IMPLANTAÇÃO DO ACOLHIMENTO E DO ACESSO AVANÇADO NA ESTRATÉGIA DE SAÚDE DA FAMÍLIA III, MUNICÍPIO DE BOA SAÚDE, RIO GRANDE DO NORTE
ESPECIALIZANDA: RENATA ALLANA DA COSTA PEREIRA
ORIENTADORA: DANIELE VIEIRA DANTAS
COLABORADORES: ANTONIELLY MATEUS NUNES, DOMINGOS AVELINO DA SILVA, EDMILSON PINHEIRO DE LIMA, LUCAS EREQUES OLIVEIRA DE MOURA, PEDRO VIANA DA SILVA E ZAIRA CRISTINA DE ARAÚJO PAULO
O acolhimento surge dentro do cenário da atenção primária com a Política Nacional de Humanização e Gestão do Sistema Único de Saúde (SUS) em 2004, visando uma garantia de que todos os pacientes que procuram a rede sejam atendidos, porém levando em consideração suas prioridades a partir da avaliação da vulnerabilidade, gravidade e risco. Dessa forma, a unidade de saúde da família consegue realizar uma das suas características fundamentais: a de acolher, escutar e dar uma resposta positiva capaz de resolver os problemas de saúde da população da sua área (BRASIL, 2006).
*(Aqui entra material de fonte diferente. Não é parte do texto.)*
text \<open>\<open>a\<close> is the part before the first visit to level \<open>-1\<close>.\<close>
lemma bij_betw_first_return:
  "bij_betw (\<lambda>(k, a, b). a @ D # b)
     (SIGMA k:{..<m}. Mset k \<times> Vset (m - 1 - k)) (Vset m - Nset m)"
proof (rule bij_betw_imageI)
  show "inj_on (\<lambda>(k, a, b). a @ D # b) (SIGMA k:{..<m}. Mset k \<times> Vset (m - 1 - k))"
  proof (rule inj_onI)
    fix x y
    assume "x \<in> (SIGMA k:{..<m}. Mset k \<times> Vset (m - 1 - k))"
      and "y \<in> (SIGMA k:{..<m}. Mset k \<times> Vset (m - 1 - k))"
      and "(\<lambda>(k, a, b). a @ D # b) x = (\<lambda>(k, a, b). a @ D # b) y"
    moreover obtain k a b k' a' b' where xy: "x = (k, a, b)" "y = (k', a', b')"
      by (metis prod_cases3)
    ultimately have "a \<in> Mset k" "a' \<in> Mset k'" "a @ D # b = a' @ D # b'"
      by auto
    moreover from this have "a = a' \<and> b = b'"
      using first_return_unique[of 0 a a' b b'] by (simp add: Mset_eq)
    ultimately show "x = y"
      using xy by (auto simp: Mset_eq)
  qed
  show "(\<lambda>(k, a, b). a @ D # b) ` (SIGMA k:{..<m}. Mset k \<times> Vset (m - 1 - k)) = Vset m - Nset m"
  proof (intro equalityI subsetI)
    fix r
    assume "r \<in> Vset m - Nset m"
    then have r: "length r = m" "\<not> nonneg_from 0 r"
      by (auto simp: Nset_eq Vset_def)
    then obtain a b where ab: "r = a @ D # b" "nonneg_from 0 a" "final_height a = 0"
      using first_return_exists[of 0 r] by auto
    with r(1) have "(length a, a, b) \<in> (SIGMA k:{..<m}. Mset k \<times> Vset (m - 1 - k))"
      by (auto simp: Mset_eq Vset_def)
    with ab(1) show "r \<in> (\<lambda>(k, a, b). a @ D # b) ` (SIGMA k:{..<m}. Mset k \<times> Vset (m - 1 - k))"
      by force
  next
    fix r
    assume "r \<in> (\<lambda>(k, a, b). a @ D # b) ` (SIGMA k:{..<m}. Mset k \<times> Vset (m - 1 - k))"
    then obtain k a b where "r = a @ D # b" "k < m" "a \<in> Mset k" "b \<in> Vset (m - 1 - k)"
      by auto
    then show "r \<in> Vset m - Nset m"
      by (auto simp: Nset_eq Mset_eq Vset_def nonneg_from_append)
  qed
qed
Acolher é uma diretriz operacional que consiste em: atender todas as pessoas que procuram os serviços de saúde (garantindo a acessibilidade universal e o primeiro contanto); reestruturar o processo de trabalho, retirando a figura do médico como eixo central da unidade e inserindo uma equipe de acolhimento qualificada para realizar a primeira escuta; e qualificar a relação trabalhador-usuário, permitindo a reestruturação do serviço e a qualidade deste (FRANCO et al., 1999).
Com o acolhimento busca-se a otimização do serviço, o fim das longas filas por espera de atendimento, a hierarquização dos riscos e o acesso aos demais níveis do sistema. Trata-se de uma importante ferramenta para organização do serviço da unidade de saúde que permite o reconhecimento das necessidades de saúde da população atendida (BRASIL, 2004).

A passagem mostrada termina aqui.